Yeh stem length is what I'm concerned in finding so it feels/fits right. I've already got some Schwalbe HS 338's in 28x2.35 on the way, should be here Friday.

I really think I'm not going to go with Mustache bars like he has and go with either the VO Porteurs or the Soma Oxfords. I don't want to exactly copy his bike anyways, but it's just the first bike I saw pics of that is what I've been wanting to do to mine since I thought of it.

I live in Florida so sadly our off-road options are limited and not all that fun IMO on a rigid SS, other than the grass trails around the single track which is really rooty and technical, I like fast and rolling better, also nothing closer to me than about an hour and half away so not that convenient to go ride anyways. We do have some great paved trails right where I live and I'm really close to the beach so I like to ride out there so this type of a setup would be much better for me really.

Yeh I realized his was a 26", I had a 26" cruiser I sold to buy this bike, I really like the 29er other than there not being as many tire options to choose from, but when those big wheels get to turning the momentum they maintain is much better especially in the SS than my Cruiser, or my old 26"mtb I used to have and I can't wait to get the HS338's on there should be even better, other than I'll prob spin out faster since I'm running 33x18 now which might be a down the road project to change after I get this all setup and done and see how it works, since it will be mostly on-road vs off-road, but I'd rather spin out than crank my knee so IDK.


----------



## danraley41 (Oct 12, 2011)

stubecontinued said:


> I really like the look of the porteurs, the curves are really pleasing to the eye. The oxfords were BIG, really long on the grip area. I used them because I was using bar-end shifters. I think for a bike that's primarily concerned with being sexy maybe go with the VO's? If you do, let us know how they work..


Thanks I def will and will post up some good bike-porn of it too, I'm trying to figure stem sizes now to go with the VO's and then find an inexpensive one to order.


----------



## Moozh (Jan 20, 2010)

I somewhat done this in the past to a couple of my bikes..my modest attempt nothing major but.
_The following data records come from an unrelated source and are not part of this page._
(* G(x) dominates the dyadic sum of (x / 2^(j+1)) Fbar(x / 2^j) over j < K, which is
   asymptotic to (K / 2) x Fbar(x). *)
lemma x_Fbar_over_G_tendsto_0: "((\<lambda>x. x * Fbar x / G x) \<longlongrightarrow> 0) at_top"
proof (rule tendsto_zero_if_eventually_less)
  show "\<forall>\<^sub>F x in at_top. 0 \<le> x * Fbar x / G x"
    using eventually_ge_at_top[of 0] by eventually_elim (simp add: Fbar_nonneg G_nonneg)
next
  fix \<epsilon> :: real assume "\<epsilon> > 0"
  obtain K :: nat where K: "4 / \<epsilon> < real K"
    using reals_Archimedean2 by blast
  moreover have "0 < 4 / \<epsilon>"
    using \<open>\<epsilon> > 0\<close> by simp
  ultimately have K_pos: "real K > 0"
    by linarith
  have K_eps: "4 / real K < \<epsilon>"
    using K K_pos \<open>\<epsilon> > 0\<close> by (simp add: field_simps)
  have "((\<lambda>x. \<Sum>j<K. (1/2^(j+1)) * (Fbar ((1/2^j) * x) / Fbar x))
      \<longlongrightarrow> (\<Sum>j<K. (1/2^(j+1)) * (1/(1/2^j)))) at_top"
    by (intro tendsto_sum tendsto_mult tendsto_const Fbar_ratio_tendsto) simp
  moreover have "(\<Sum>j<K. (1/2^(j+1)) * (1/(1/2^j)) :: real) = real K / 2"
    by simp
  ultimately have "\<forall>\<^sub>F x in at_top. (\<Sum>j<K. (1/2^(j+1)) * (Fbar ((1/2^j) * x) / Fbar x)) > real K / 4"
    using K_pos by (intro order_tendstoD) auto
  then show "\<forall>\<^sub>F x in at_top. x * Fbar x / G x < \<epsilon>"
    using eventually_gt_at_top[of 0]
  proof eventually_elim
    case (elim x)
    have "x * Fbar x * (real K / 4) < x * Fbar x * (\<Sum>j<K. (1/2^(j+1)) * (Fbar ((1/2^j) * x) / Fbar x))"
      using elim Fbar_pos[of x] by (intro mult_strict_left_mono) auto
    also have "\<dots> = (\<Sum>j<K. (x/2^(j+1)) * Fbar (x/2^j))"
      using Fbar_pos[of x] by (simp add: sum_distrib_left field_simps)
    also have "\<dots> \<le> G x"
      using elim by (intro G_ge_dyadic_sum) simp
    finally have "x * Fbar x / G x < 4 / real K"
      using G_pos[of x] elim K_pos by (simp add: field_simps)
    then show ?case
      using K_eps by simp
  qed
qed
lemma avg_vecs_coord_and_prefix:
  assumes "k < t"
  shows "avg_vecs N t (\<lambda>x. \<Phi> (x k) (restrict x {0..<k}))
           = (\<Sum>c\<in>ZN N. \<Sum>y\<in>ZN_vecs N k. \<Phi> c y) / (real N * real N ^ k)"
proof -
  define I where "I = {0..<k} \<union> {k + 1..<t}"
  have dec: "{0..<t} = insert k I" and k: "k \<notin> I" using assms by (auto simp: I_def)
  have "(\<Sum>x\<in>ZN_vecs N t. \<Phi> (x k) (restrict x {0..<k}))
      = (\<Sum>c\<in>ZN N. \<Sum>y\<in>PiE I (\<lambda>_. ZN N). \<Phi> c (restrict (y(k := c)) {0..<k}))"
    unfolding ZN_vecs_def dec sum_PiE_insert[OF k] by simp
  also have "\<dots> = (\<Sum>c\<in>ZN N. \<Sum>y\<in>PiE I (\<lambda>_. ZN N). \<Phi> c (restrict y {0..<k}))"
    by (simp add: restrict_def cong: if_cong)
  also have "\<dots> = (\<Sum>c\<in>ZN N. real N ^ (t - (k + 1)) * (\<Sum>y\<in>ZN_vecs N k. \<Phi> c y))"
    unfolding I_def ZN_vecs_def by (subst sum_restrict) auto
  finally have "(\<Sum>x\<in>ZN_vecs N t. \<Phi> (x k) (restrict x {0..<k}))
      = real N ^ (t - (k + 1)) * (\<Sum>c\<in>ZN N. \<Sum>y\<in>ZN_vecs N k. \<Phi> c y)"
    by (simp add: sum_distrib_left)
  moreover have "real (N ^ t) = real N ^ (t - (k + 1)) * (real N * real N ^ k)"
  proof -
    have "t = (t - (k + 1)) + (1 + k)" using assms by arith
    then show ?thesis by (metis of_nat_power power_add power_one_right)
  qed
  ultimately show ?thesis
    unfolding avg_vecs_def by (cases "N = 0") auto
qed

definition ap_avg :: "nat \<Rightarrow> nat \<Rightarrow> (nat \<Rightarrow> int \<Rightarrow> real) \<Rightarrow> real" where
  "ap_avg N k f = (\<Sum>x\<in>ZN N. \<Sum>s\<in>ZN N. \<Prod>j\<le>k. f j ((x + int j * s) mod int N))
                    / real (card (ZN N \<times> ZN N))"

definition gowers_avg :: "nat \<Rightarrow> nat \<Rightarrow> (int \<Rightarrow> real) \<Rightarrow> real" where
  "gowers_avg N d h = (\<Sum>x\<in>ZN N. \<Sum>t\<in>ZN_vecs N d. \<Prod>S\<in>Pow {0..<d}. h ((x + (\<Sum>i\<in>S. t i)) mod int N))
                        / real (card (ZN N \<times> ZN_vecs N d))"

lemma gowers_norm_eq_root: "gowers_norm N d h = root (2 ^ d) (gowers_avg N d h)"
  unfolding gowers_norm_def gowers_avg_def ..

context gvn_setting
begin

definition ap_prod :: "int \<Rightarrow> int \<Rightarrow> real" where
  "ap_prod X S = (\<Prod>j\<le>k. g j ((X + int j * S) mod int N))"

lemma skip_image: "skip ` {..<k} = {..k} - {a}"
proof
  show "skip ` {..<k} \<subseteq> {..k} - {a}" using skip_le skip_neq by auto
  show "{..k} - {a} \<subseteq> skip ` {..<k}"
  proof
    fix j assume j: "j \<in> {..k} - {a}"
    show "j \<in> skip ` {..<k}"
    proof (cases "j < a")
      case True then have "skip j = j" "j < k" using a_le_k by (auto simp: skip_def)
      then show ?thesis by (metis image_eqI lessThan_iff)
    next
      case False then have "j > a" using j by auto
      then have "skip (j - 1) = j" "j - 1 < k" using j by (auto simp: skip_def)
      then show ?thesis by (metis image_eqI lessThan_iff)
    qed
  qed
qed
On-one Mary bars 25.4. schwalbe big apple 2.35", surly tensioner, SS road cranks (miche advanced 49t..hadda change out the spindle to a wider one to get clearance as the chainwheel and driveside crankarm made contact with the chainstay)..old setup for a summer two years back..









same bike with FSA metropolis and short stem..quite the bomber..









Or if you are not married to the moustache idea, hows about some simple arc'd bars? not on a MTB but just so you can get an idea..









not the best pic but this is how I have my steamroller set up at present:


















Those VeloOrange bars look like you've found the antidote to me..they look fantastic. Just be sure to get the right size for mtb brake levers so that you'll have no issues using your disk brakes. The stem clamp area states that i's 25.4 so you should not have any issues whatever locating a mtb stem to work..


----------



## vaultbrad (Oct 17, 2007)

Here is another bar option from Soma. They make another version of the mustache bar for smaller diameter mountain levers and 25.4 stem. You could get a reply nubby stem and those bars and be done with it.

Soma 3 Speed Moustache II Handlebar


----------



## Caffeine Powered (Mar 31, 2005)

I have a set of those bars on my SS commuter. I had to shim Dura Ace road levers but they're fine with old XT cantilevers. Some folks call the bars "Priest Bars" but mostly they're referred to as "Mustache Bars."


----------



## danraley41 (Oct 12, 2011)

Moozh said:


> I somewhat done this in the past to a couple of my bikes..my modest attempt nothing major but.
> 
> Those VeloOrange bars look like you've found the antidote to me..they look fantastic. Just be sure to get the right size for mtb brake levers so that you'll have no issues using your disk brakes. The stem clamp area states that i's 25.4 so you should not have any issues whatever locating a mtb stem to work..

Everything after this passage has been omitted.